The goal is a world where a researcher can say "Licklider ran this analysis" and a reviewer can verify exactly what that means — not because they trust the tool, but because they can see the record.

That is what statistical integrity means in practice. Not a promise. A proof.

How we think about the design

Some of our design decisions are worth explaining, because they reflect a particular view of what research tooling should do.

Welch's t-test is the default, not Student's. Student's t-test assumes equal variance across groups. Most experimental data does not satisfy this assumption reliably, and testing for it before choosing adds its own error. Welch's t-test is valid whether or not variances are equal. Defaulting to the safer choice and documenting why is more honest than asking the researcher to make a choice they may not be equipped to evaluate.

Outlier sensitivity is computed, not acknowledged. When an outlier is detected, Licklider does not ask whether to remove it. It computes the analysis both ways, compares the p-value, the effect size, and the confidence interval, and records the difference. If the conclusion changes, that is disclosed. If it does not, that is also disclosed. The figure reflects the full dataset unless the researcher explicitly decides otherwise.

Export is blocked when semantics are unresolved. An error bar with no declared meaning is not an error bar. It is a shape. Licklider will not produce a claim-bearing export if the error bar type has not been confirmed. This feels restrictive until you have had a reviewer ask what your error bars represent and realized you are not certain.
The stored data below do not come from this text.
lemma greach_product_sound:
  "greach U product_vpa ((q, p, S), s) v ((q', p', S'), s') \<Longrightarrow> tracks al ((q, p, S), s) \<Longrightarrow>
    v \<in> lists L \<and> (\<forall>u x v'. v = u @ x # v' \<longrightarrow> x \<in> admissible (component (side x)) (al @ u)) \<and>
    (\<forall>i. vpa_reach (component i) (component_vpa i) (q i, component_stack i s) (proj (component i) v)
      (q' i, component_stack i s'))"
proof (induction v arbitrary: q p S s al)
  case (Cons x v)
  obtain q1 p1 S1 s1 where step: "gstep U product_vpa ((q, p, S), s) x ((q1, p1, S1), s1)"
    and rest: "greach U product_vpa ((q1, p1, S1), s1) v ((q', p', S'), s')"
    using Cons.prems(1) unfolding greach.simps split_paired_Ex by blast
  note D = gstep_productD[OF step]
  have tr1: "tracks (al @ [x]) ((q1, p1, S1), s1)"
    using tracks_gstep[OF Cons.prems(2) step] .
  note IH = Cons.IH[OF rest tr1]
  have adm: "x \<in> admissible (component (side x)) al"
    using D Cons.prems(2) by (auto simp: tracks_def)
  have "\<forall>u y v'. x # v = u @ y # v' \<longrightarrow> y \<in> admissible (component (side y)) (al @ u)"
    using adm IH by (auto simp: Cons_eq_append_conv)
  moreover have "vpa_reach (component i) (component_vpa i) (q i, component_stack i s)
      (proj (component i) (x # v)) (q' i, component_stack i s')" for i
  proof (cases "side x = i")
    case True
    have proj_eq: "proj (component i) (x # v) = x # proj (component i) v"
      using proj_component_Cons[of x i] True D by simp
    have "vpa_step (component i) (component_vpa i) (q i, component_stack i s) x (q1 i, component_stack i s1)"
      using D True by blast
    moreover have "vpa_reach (component i) (component_vpa i) (q1 i, component_stack i s1)
        (proj (component i) v) (q' i, component_stack i s')"
      using IH by blast
    ultimately show ?thesis unfolding proj_eq by auto
  next
    case False
    then have "i = (\<not> side x)" by blast
    then have proj_eq: "proj (component i) (x # v) = proj (component i) v"
      and "q1 i = q i" and "component_stack i s1 = component_stack i s"
      using proj_component_Cons[of x i] D by auto
    moreover have "vpa_reach (component i) (component_vpa i) (q1 i, component_stack i s1)
        (proj (component i) v) (q' i, component_stack i s')"
      using IH by blast
    ultimately show ?thesis unfolding proj_eq by simp
  qed
  ultimately show ?case using D IH by simp
qed simp

lemma greach_product_complete:
  "tracks al ((q, p, S), s) \<Longrightarrow> v \<in> lists L \<Longrightarrow>
    (\<forall>u x v'. v = u @ x # v' \<longrightarrow> x \<in> admissible (component (side x)) (al @ u)) \<Longrightarrow>
    returns_matched (al @ v) \<Longrightarrow>
    (\<forall>i. vpa_reach (component i) (component_vpa i) (q i, component_stack i s) (proj (component i) v)
      (q' i, t i)) \<Longrightarrow>
    \<exists>p' S' s'. greach U product_vpa ((q, p, S), s) v ((q', p', S'), s')"
proof (induction v arbitrary: q p S s al)
  case Nil
  then have "q' = q" by (simp add: fun_eq_iff)
  then show ?case by simp
next
  case (Cons x v)
  let ?i = "side x"
  have xL: "x \<in> L" and vL: "v \<in> lists L" using Cons.prems(2) by auto
  have adm: "x \<in> admissible (component ?i) al" using Cons.prems(3) by force
  have "returns_matched (al @ [x])"
    using returns_matched_appendD[of "al @ [x]" v] Cons.prems(4) by simp
  then have top: "x \<in> rets U \<Longrightarrow> call_stack U al = [] \<or> side (hd (call_stack U al)) = side x"
    by (simp add: returns_matched_snoc)
  obtain qi ti where qi: "vpa_step (component ?i) (component_vpa ?i) (q ?i, component_stack ?i s) x (qi, ti)"
    and reach_i: "vpa_reach (component ?i) (component_vpa ?i) (qi, ti) (proj (component ?i) v) (q' ?i, t ?i)"
  proof -
    have "proj (component ?i) (x # v) = x # proj (component ?i) v"
      using proj_component_Cons[OF xL] by simp
    then show thesis using that Cons.prems(5)[rule_format, of ?i] by auto
  qed
  obtain p1 s1 where step: "gstep U product_vpa ((q, p, S), s) x ((q(?i := qi), p1, update_admissible p x S), s1)"
    and s1: "component_stack ?i s1 = ti"
    using gstep_productI[OF Cons.prems(1) xL adm top qi] by blast
  note D = gstep_productD[OF step]
  have tr1: "tracks (al @ [x]) ((q(?i := qi), p1, update_admissible p x S), s1)"
    using tracks_gstep[OF Cons.prems(1) step] .
  have "vpa_reach (component j) (component_vpa j) ((q(?i := qi)) j, component_stack j s1)
      (proj (component j) v) (q' j, t j)" for j
  proof (cases "j = ?i")
    case True
    then show ?thesis using reach_i s1 by simp
  next
    case False
    then have "j = (\<not> ?i)" by blast
    then have proj_eq: "proj (component j) (x # v) = proj (component j) v"
      and "component_stack j s1 = component_stack j s"
      using D proj_component_Cons[OF xL, of j] by auto
    moreover have "vpa_reach (component j) (component_vpa j) (q j, component_stack j s)
        (proj (component j) (x # v)) (q' j, t j)"
      using Cons.prems(5) by blast
    ultimately show ?thesis using False unfolding proj_eq by simp
  qed
  moreover have "\<forall>u y v'. v = u @ y # v' \<longrightarrow> y \<in> admissible (component (side y)) ((al @ [x]) @ u)"
    using Cons.prems(3) by fastforce
  ultimately obtain p' S' s' where
    "greach U product_vpa ((q(?i := qi), p1, update_admissible p x S), s1) v ((q', p', S'), s')"
    using Cons.IH[OF tr1 vL] Cons.prems(4) by fastforce
  then have "greach U product_vpa ((q, p, S), s) (x # v) ((q', p', S'), s')"
    unfolding greach.simps using step by blast
  then show ?case by blast
qed

lemma shuffle_component_iff:
  "w \<in> shuffle A1 A2 (vpa_lang A1 M1) (vpa_lang A2 M2) \<longleftrightarrow>
     w \<in> lists L \<and> (\<forall>i. proj (component i) w \<in> vpa_lang (component i) (component_vpa i))"
  by (auto simp: shuffle_iff component_def component_vpa_def all_bool_eq)

lemma glang_product_subset_red:
  "glang U product_vpa \<subseteq> red A1 A2 prec (shuffle A1 A2 (vpa_lang A1 M1) (vpa_lang A2 M2))"
proof
  fix w
  assume "w \<in> glang U product_vpa"
  then obtain q q' p' S' s' where init: "\<forall>i. q i \<in> init (component_vpa i)"
    and run: "greach U product_vpa ((q, q0, \<lambda>_. L), []) w ((q', p', S'), s')"
    and fin: "\<forall>i. q' i \<in> fin (component_vpa i)"
    unfolding glang_def product_vpa_def by auto
  note sound = greach_product_sound[OF run tracks_initial[OF init]]
  have "proj (component i) w \<in> vpa_lang (component i) (component_vpa i)" for i
  proof -
    have "vpa_reach (component i) (component_vpa i) (q i, []) (proj (component i) w)
        (q' i, component_stack i s')"
      using sound by simp
    then show ?thesis unfolding vpa_lang_def using init fin by blast
  qed
  then have "w \<in> shuffle A1 A2 (vpa_lang A1 M1) (vpa_lang A2 M2)"
    using sound by (simp add: shuffle_component_iff)
  moreover have "locally_reduced w" using sound by (simp add: locally_reduced_def)
  ultimately show "w \<in> red A1 A2 prec (shuffle A1 A2 (vpa_lang A1 M1) (vpa_lang A2 M2))"
    by (simp add: red_shuffle_eq)
qed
These decisions make Licklider slower than a tool that asks nothing. That is the point.

What we cannot do

Licklider checks the statistical validity of analyses within its supported method set. It does not validate the scientific validity of a research question. It cannot detect pseudoreplication when no subject ID column exists in the data. It does not verify that a stated pre-registration matches what was actually analyzed. It cannot determine causation from association.

We document these limits in detail in the Limitations and Guard Interpretation section of the reference documentation, because a tool that hides its limits is not a trustworthy tool.

Who we are

I am Tasuku Kimura. I started building Licklider because I kept running into the same gap: researchers who wanted to do rigorous work but had no tooling that met them there. The existing options were either too blunt or too specialized, and none of them treated correctness as a first-class output.

Licklider is still early. The method coverage is not complete. Some features are partial. The public audit trail that will let reviewers verify analyses directly is planned but not yet shipped.

I am building in the open about this. The reference documentation lists what is supported, what is partial, and what is not yet available. The limitations page lists what the system cannot catch. If something is missing or wrong, I want to know.

Where this goes

Research deserves infrastructure that makes statistical integrity the default, not the exception. That is the only goal.